BEGIN DATA FOR ANALYSIS

lemma equidistant_point_exists:
  fixes S :: "'a::euclidean_space set"
  assumes "finite S" "\<not> affine_dependent S" "S \<noteq> {}"
  shows "\<exists>c\<in>affine hull S. \<forall>y\<in>S. \<forall>z\<in>S. dist c y = dist c z"
  using assms
proof (induction S rule: finite_induct)
  case empty then show ?case by simp
next
  case (insert x T)
  show ?case
  proof (cases "T = {}")
    case True then show ?thesis by (auto intro: hull_inc)
  next
    case False
    have "\<not> affine_dependent T"
      using insert.prems(1) affine_dependent_subset[of T "insert x T"] by blast
    then obtain cT where cT: "cT \<in> affine hull T" "\<forall>y\<in>T. \<forall>z\<in>T. dist cT y = dist cT z"
      using insert.IH False by blast
    obtain y0 where y0: "y0 \<in> T" using False by auto
    obtain p where p: "p \<in> affine hull T" "orthogonal_to_hull (x - p) T"
      using orthogonal_to_hull_foot_exists[OF False] by blast
    have "x \<notin> affine hull T"
      using insert.prems(1) insert.hyps(2) unfolding affine_dependent_def
      by (metis Diff_insert_absorb insertI1)
    with p(1) have "x \<noteq> p" by auto
    from equidistant_point_insert[OF cT y0 p this] show ?thesis .
  qed
qed

lemma affine_sum_mem:
  fixes f :: "'b \<Rightarrow> 'a::real_vector"
  assumes "affine A" "finite I" "sum w I = 1" "\<And>i. i \<in> I \<Longrightarrow> f i \<in> A"
  shows "(\<Sum>i\<in>I. w i *\<^sub>R f i) \<in> A"
proof -
  obtain i0 where i0: "i0 \<in> I" using assms(3) by fastforce
  let ?a = "f i0"
  have sub: "subspace ((\<lambda>x. x - ?a) ` A)"
    using affine_diffs_subspace_subtract[OF assms(1) assms(4)[OF i0]] .
  have "(\<Sum>i\<in>I. w i *\<^sub>R (f i - ?a)) \<in> (\<lambda>x. x - ?a) ` A"
    by (intro subspace_sum[OF sub] subspace_scale[OF sub]) (use assms(4) in blast)
  moreover have "(\<Sum>i\<in>I. w i *\<^sub>R (f i - ?a)) = (\<Sum>i\<in>I. w i *\<^sub>R f i) - ?a"
    using assms(3) by (simp add: scaleR_diff_right sum_subtractf flip: scaleR_sum_left)
  ultimately show ?thesis by auto
qed

lemma affine_combination_shift_into_hull:
  fixes h :: "'a \<Rightarrow> 'a::real_vector"
  assumes "finite S" "T \<subseteq> S" "sum w S = 1" "\<And>x. x \<in> S - T \<Longrightarrow> h x \<in> affine hull T"
  shows "(\<Sum>x\<in>S. w x *\<^sub>R x) - (\<Sum>x\<in>S - T. w x *\<^sub>R (x - h x)) \<in> affine hull T"
proof -
  let ?f = "\<lambda>x. if x \<in> T then x else h x"
  have "(\<Sum>x\<in>S. w x *\<^sub>R x) - (\<Sum>x\<in>S - T. w x *\<^sub>R (x - h x)) = (\<Sum>x\<in>S. w x *\<^sub>R ?f x)"
    using sum.subset_diff[OF assms(2,1), of "\<lambda>x. w x *\<^sub>R x"]
      sum.subset_diff[OF assms(2,1), of "\<lambda>x. w x *\<^sub>R ?f x"]
    by (simp add: scaleR_diff_right sum_subtractf)
  also have "\<dots> \<in> affine hull T"
    by (rule affine_sum_mem[OF affine_affine_hull assms(1,3)]) (auto intro: hull_inc assms(4))
  finally show ?thesis .
qed

lemma foot_affine_hull_insert:
  fixes c n y q :: "'a::real_inner"
  assumes q: "q \<in> affine hull G" "orthogonal_to_hull (c - q) G"
    and n: "y - n \<in> affine hull G" "orthogonal_to_hull n G" "n \<noteq> 0"
  defines "p \<equiv> q + ((c - q) \<bullet> n / (n \<bullet> n)) *\<^sub>R n"
  shows "p \<in> affine hull (insert y G)" "orthogonal_to_hull (c - p) (insert y G)"
proof -
  have "affine hull G \<subseteq> affine hull (insert y G)" by (rule hull_mono) blast
  then show "p \<in> affine hull (insert y G)"
    using mem_affine_3_minus[OF affine_affine_hull, of q "insert y G" y "y - n"] q(1) n(1)
    by (auto simp: p_def hull_inc)
  have cp: "c - p = (c - q) - ((c - q) \<bullet> n / (n \<bullet> n)) *\<^sub>R n"
    by (simp add: p_def)
  have onG: "(c - p) \<bullet> (z - q) = 0" if "z \<in> affine hull G" for z
    using orthogonal_to_hullD[OF q(2) that q(1)] orthogonal_to_hullD[OF n(2) that q(1)]
    unfolding cp by (simp add: inner_diff_left)
  have onn: "(c - p) \<bullet> n = 0"
    using n(3) unfolding cp by (simp add: inner_diff_left)
  show "orthogonal_to_hull (c - p) (insert y G)"
  proof (rule orthogonal_to_hullI[where b = "(c - p) \<bullet> q"])
    fix z assume "z \<in> insert y G"
    moreover have "(c - p) \<bullet> (y - q) = (c - p) \<bullet> n + (c - p) \<bullet> ((y - n) - q)"
      by (simp add: inner_diff_right)
    ultimately have "(c - p) \<bullet> (z - q) = 0"
      using onn onG[OF n(1)] onG[OF hull_inc] by auto
    then show "(c - p) \<bullet> z = (c - p) \<bullet> q" by (simp add: inner_diff_right)
  qed
qed

lemma infdist_affine_hull_insert:
  fixes c n y q :: "'a::real_inner"
  assumes q: "q \<in> affine hull G" "orthogonal_to_hull (c - q) G"
    and n: "y - n \<in> affine hull G" "orthogonal_to_hull n G" "n \<noteq> 0"
  shows "(infdist c (affine hull (insert y G)))\<^sup>2 = (norm (c - q))\<^sup>2 - ((c - q) \<bullet> n)\<^sup>2 / (n \<bullet> n)"
proof -
  define p where "p = q + ((c - q) \<bullet> n / (n \<bullet> n)) *\<^sub>R n"
  note foot = foot_affine_hull_insert[OF q n, folded p_def]
  have "q \<in> affine hull (insert y G)" using q(1) hull_mono[of G "insert y G"] by blast
  from dist_foot_Pythagorean[OF foot this]
  have "(dist c q)\<^sup>2 = (infdist c (affine hull (insert y G)))\<^sup>2 + (dist p q)\<^sup>2"
    by (simp add: infdist_affine_hull_foot[OF foot])
  moreover have "(dist p q)\<^sup>2 = ((c - q) \<bullet> n)\<^sup>2 / (n \<bullet> n)"
    using n(3) by (simp add: p_def dist_norm power_mult_distrib power_divide
        flip: power2_norm_eq_inner) (simp add: divide_simps power2_eq_square power4_eq_xxxx)
  ultimately show ?thesis by (simp add: dist_norm)
qed

lemma orthogonal_to_hull_coefficient_unique:
  assumes "g \<in> affine hull G" "g' \<in> affine hull G" "orthogonal_to_hull n G" "n \<noteq> 0"
    and "g + s *\<^sub>R n = g' + t *\<^sub>R n"
  shows "s = t"
proof -
  have "g - g' = (t - s) *\<^sub>R n" using assms(5) by (simp add: algebra_simps)
  moreover have "n \<bullet> (g - g') = 0" using orthogonal_to_hullD assms(1-3) by blast
  ultimately show ?thesis using assms(4) by simp
qed

lemma cone_combination_inner_pos_real:
  fixes a b N0 Nj P :: real
  assumes a: "a > 0" and b: "b > 0" and N0: "N0 > 0" and Nj: "Nj > 0" and CS: "P\<^sup>2 < N0 * Nj"
    and dom: "(a * P + b * Nj)\<^sup>2 / Nj < (a * N0 + b * P)\<^sup>2 / N0"
  shows "a * N0 + b * P > 0"
proof (rule ccontr)
  have "(a * P + b * Nj)\<^sup>2 * N0 < (a * N0 + b * P)\<^sup>2 * Nj"
    using dom N0 Nj by (simp add: field_simps)
  moreover have "(a * N0 + b * P)\<^sup>2 * Nj - (a * P + b * Nj)\<^sup>2 * N0
      = (N0 * Nj - P\<^sup>2) * (a\<^sup>2 * N0 - b\<^sup>2 * Nj)"
    by (simp add: power2_eq_square algebra_simps)
  ultimately have "(N0 * Nj - P\<^sup>2) * (a\<^sup>2 * N0 - b\<^sup>2 * Nj) > 0" by linarith
  then have ab: "b\<^sup>2 * Nj < a\<^sup>2 * N0"
    using CS by (simp add: zero_less_mult_iff)
  assume "\<not> a * N0 + b * P > 0"
  then have "\<bar>a * N0\<bar> \<le> \<bar>b * P\<bar>" using a b N0 by auto
  then have "(a * N0)\<^sup>2 \<le> (b * P)\<^sup>2" by (simp add: abs_le_square_iff)
  also have "\<dots> < b\<^sup>2 * (N0 * Nj)" using CS b by (simp add: power_mult_distrib)
  finally have "a\<^sup>2 * N0 * N0 < b\<^sup>2 * Nj * N0" by (simp add: power2_eq_square algebra_simps)
  then show False using ab N0 by simp
qed

lemma cone_combination_inner_pos:
  fixes u v :: "'a::real_inner"
  assumes a: "a > 0" and b: "b > 0" and v: "v \<noteq> 0" and indep: "\<And>r. u \<noteq> r *\<^sub>R v"
    and dom: "((a *\<^sub>R u + b *\<^sub>R v) \<bullet> v)\<^sup>2 / (v \<bullet> v) < ((a *\<^sub>R u + b *\<^sub>R v) \<bullet> u)\<^sup>2 / (u \<bullet> u)"
  shows "(a *\<^sub>R u + b *\<^sub>R v) \<bullet> u > 0"
proof -
  have Nu: "u \<bullet> u > 0" using indep[of 0] by simp
  have Nv: "v \<bullet> v > 0" using v by simp
  define r where "r = (u \<bullet> v) / (v \<bullet> v)"
  have "0 < (u - r *\<^sub>R v) \<bullet> (u - r *\<^sub>R v)" using indep[of r] by simp
  also have "\<dots> = u \<bullet> u - (u \<bullet> v)\<^sup>2 / (v \<bullet> v)"
    using Nv by (simp add: r_def inner_diff_left inner_diff_right inner_commute power2_eq_square
        field_simps)
  finally have "(u \<bullet> v)\<^sup>2 < (u \<bullet> u) * (v \<bullet> v)" using Nv by (simp add: field_simps)
  moreover have "(a *\<^sub>R u + b *\<^sub>R v) \<bullet> u = a * (u \<bullet> u) + b * (u \<bullet> v)"
    "(a *\<^sub>R u + b *\<^sub>R v) \<bullet> v = a * (u \<bullet> v) + b * (v \<bullet> v)"
    by (simp_all add: inner_add_left inner_commute[of v u])
  ultimately show ?thesis using cone_combination_inner_pos_real[OF a b Nu Nv] dom by simp
qed

lemma affine_combination_minus_foot:
  fixes X :: "'a::real_inner set"
  assumes fin: "finite X" and x0: "x0 \<in> X" and j: "j \<in> X" "j \<noteq> x0" and mu: "sum mu X = 1"
    and q: "q \<in> affine hull (X - {x0, j})"
      "orthogonal_to_hull ((\<Sum>x\<in>X. mu x *\<^sub>R x) - q) (X - {x0, j})"
    and u: "j - u \<in> affine hull (X - {x0, j})" "orthogonal_to_hull u (X - {x0, j})"
    and v: "x0 - v \<in> affine hull (X - {x0, j})" "orthogonal_to_hull v (X - {x0, j})"
  shows "(\<Sum>x\<in>X. mu x *\<^sub>R x) - q = mu j *\<^sub>R u + mu x0 *\<^sub>R v"
proof -
  let ?c = "\<Sum>x\<in>X. mu x *\<^sub>R x"
  let ?G = "X - {x0, j}"
  have XG: "X - ?G = {x0, j}" using x0 j by auto
  have "?c - (mu j *\<^sub>R u + mu x0 *\<^sub>R v)
      = ?c - (\<Sum>x\<in>X - ?G. mu x *\<^sub>R (x - (if x = j then j - u else x0 - v)))"
    using j(2) by (simp add: XG)
  also have "\<dots> \<in> affine hull ?G"
    by (rule affine_combination_shift_into_hull[OF fin _ mu]) (use u(1) v(1) XG in auto)
  finally have "?c - (mu j *\<^sub>R u + mu x0 *\<^sub>R v) \<in> affine hull ?G" .
  moreover have "orthogonal_to_hull (?c - (?c - (mu j *\<^sub>R u + mu x0 *\<^sub>R v))) ?G"
    using orthogonal_to_hull_lincomb[OF u(2) v(2), of "mu j" "mu x0"] by (simp add: add.commute)
  ultimately show ?thesis
    using orthogonal_to_hull_foot_unique[OF q] by fastforce
qed

lemma foot_coefficient_along_normal:
  fixes c :: "'a::real_inner"
  assumes fin: "finite G" and j: "j \<notin> G"
    and q: "q \<in> affine hull G" "orthogonal_to_hull (c - q) G"
    and u: "j - u \<in> affine hull G" "orthogonal_to_hull u G" "u \<noteq> 0"
    and lam: "sum lam (insert j G) = 1"
      "orthogonal_to_hull (c - (\<Sum>x\<in>insert j G. lam x *\<^sub>R x)) (insert j G)"
  shows "lam j = (c - q) \<bullet> u / (u \<bullet> u)"
proof -
  let ?p = "\<Sum>x\<in>insert j G. lam x *\<^sub>R x"
  have "?p \<in> affine hull (insert j G)"
    using lam(1) fin by (auto simp: affine_hull_finite)
  from orthogonal_to_hull_foot_unique[OF this lam(2) foot_affine_hull_insert[OF q u]]
  have p_eq: "?p = q + ((c - q) \<bullet> u / (u \<bullet> u)) *\<^sub>R u" .
  have "insert j G - G = {j}" using j by auto
  then have "?p - lam j *\<^sub>R u = ?p - (\<Sum>x\<in>insert j G - G. lam x *\<^sub>R (x - (j - u)))"
    by simp
  also have "\<dots> \<in> affine hull G"
    by (rule affine_combination_shift_into_hull[OF _ _ lam(1)]) (use fin u(1) j in auto)
  finally have "?p - lam j *\<^sub>R u \<in> affine hull G" .
  then show ?thesis
    using orthogonal_to_hull_coefficient_unique[OF _ q(1) u(2,3), of "?p - lam j *\<^sub>R u"] p_eq
    by simp
qed

lemma facet_foot_coordinate_pos:
  fixes X :: "'a::euclidean_space set"
  assumes fin: "finite X" and ind: "\<not> affine_dependent X"
    and x0: "x0 \<in> X" and j: "j \<in> X" "j \<noteq> x0" and G_ne: "X - {x0, j} \<noteq> {}"
    and mu: "\<forall>x\<in>X. 0 < mu x" "sum mu X = 1" "(\<Sum>x\<in>X. mu x *\<^sub>R x) = c"
    and p: "p \<in> affine hull (X - {x0})" "orthogonal_to_hull (c - p) (X - {x0})"
    and lam: "sum lam (X - {x0}) = 1" "(\<Sum>x\<in>X - {x0}. lam x *\<^sub>R x) = p"
    and closer: "infdist c (affine hull (X - {x0})) < infdist c (affine hull (X - {j}))"
  shows "lam j > 0"
proof -
  define G where "G = X - {x0, j}"
  have F: "X - {x0} = insert j G" and Fj: "X - {j} = insert x0 G" and "j \<notin> G"
    using x0 j by (auto simp: G_def)
  from G_ne have "G \<noteq> {}" by (simp add: G_def)
  note foot_exists = orthogonal_to_hull_foot_exists[OF this]
  obtain q where q: "q \<in> affine hull G" "orthogonal_to_hull (c - q) G" by (rule foot_exists)
  obtain hj where hj: "hj \<in> affine hull G" "orthogonal_to_hull (j - hj) G" by (rule foot_exists)
  obtain h0 where h0: "h0 \<in> affine hull G" "orthogonal_to_hull (x0 - h0) G" by (rule foot_exists)
  define u where "u = j - hj"
  define v where "v = x0 - h0"
  have u: "j - u \<in> affine hull G" "orthogonal_to_hull u G" using hj by (simp_all add: u_def)
  have v: "x0 - v \<in> affine hull G" "orthogonal_to_hull v G" using h0 by (simp_all add: v_def)
  have j_out: "j \<notin> affine hull (insert x0 G)" and x0_out: "x0 \<notin> affine hull (insert j G)"
    using ind j x0 unfolding affine_dependent_def F[symmetric] Fj[symmetric] by blast+
  have GF: "affine hull G \<subseteq> affine hull (insert y G)" for y by (simp add: hull_mono subset_insertI)
  have "u \<noteq> 0" using j_out hj(1) GF by (auto simp: u_def)
  have "v \<noteq> 0" using x0_out h0(1) GF by (auto simp: v_def)
  have indep: "u \<noteq> r *\<^sub>R v" for r
  proof
    assume "u = r *\<^sub>R v"
    then have "j = hj + r *\<^sub>R (x0 - h0)" by (simp add: u_def v_def algebra_simps)
    moreover have "hj + r *\<^sub>R (x0 - h0) \<in> affine hull (insert x0 G)"
      using hj(1) h0(1) GF by (intro mem_affine_3_minus[OF affine_affine_hull]) (auto intro: hull_inc)
    ultimately show False using j_out by simp
  qed
  have cq: "c - q = mu j *\<^sub>R u + mu x0 *\<^sub>R v"
    using affine_combination_minus_foot[OF fin x0 j mu(2)] q u v mu(3) by (simp add: G_def)
  have "(infdist c (affine hull (X - {x0})))\<^sup>2 < (infdist c (affine hull (X - {j})))\<^sup>2"
    using closer infdist_nonneg by (intro power_strict_mono) auto
  then have "((c - q) \<bullet> v)\<^sup>2 / (v \<bullet> v) < ((c - q) \<bullet> u)\<^sup>2 / (u \<bullet> u)"
    unfolding F Fj infdist_affine_hull_insert[OF q u \<open>u \<noteq> 0\<close>]
      infdist_affine_hull_insert[OF q v \<open>v \<noteq> 0\<close>] by simp
  then have "(c - q) \<bullet> u > 0"
    unfolding cq using mu(1) x0 j \<open>v \<noteq> 0\<close> indep by (intro cone_combination_inner_pos) auto
  moreover have "lam j = (c - q) \<bullet> u / (u \<bullet> u)"
    using fin \<open>j \<notin> G\<close> q u \<open>u \<noteq> 0\<close> lam p(2) unfolding F
    by (intro foot_coefficient_along_normal) (auto simp: G_def)
  ultimately show ?thesis using \<open>u \<noteq> 0\<close> by simp
qed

END DATA FOR ANALYSIS

- EXERCISE GOAL
Filter the entries above and keep only the lines with the word "False".

- SOLUTION BELOW
    case False
      using insert.IH False by blast
    obtain y0 where y0: "y0 \<in> T" using False by auto
      using orthogonal_to_hull_foot_exists[OF False] by blast
  then show False using ab N0 by simp
    ultimately show False using j_out by simp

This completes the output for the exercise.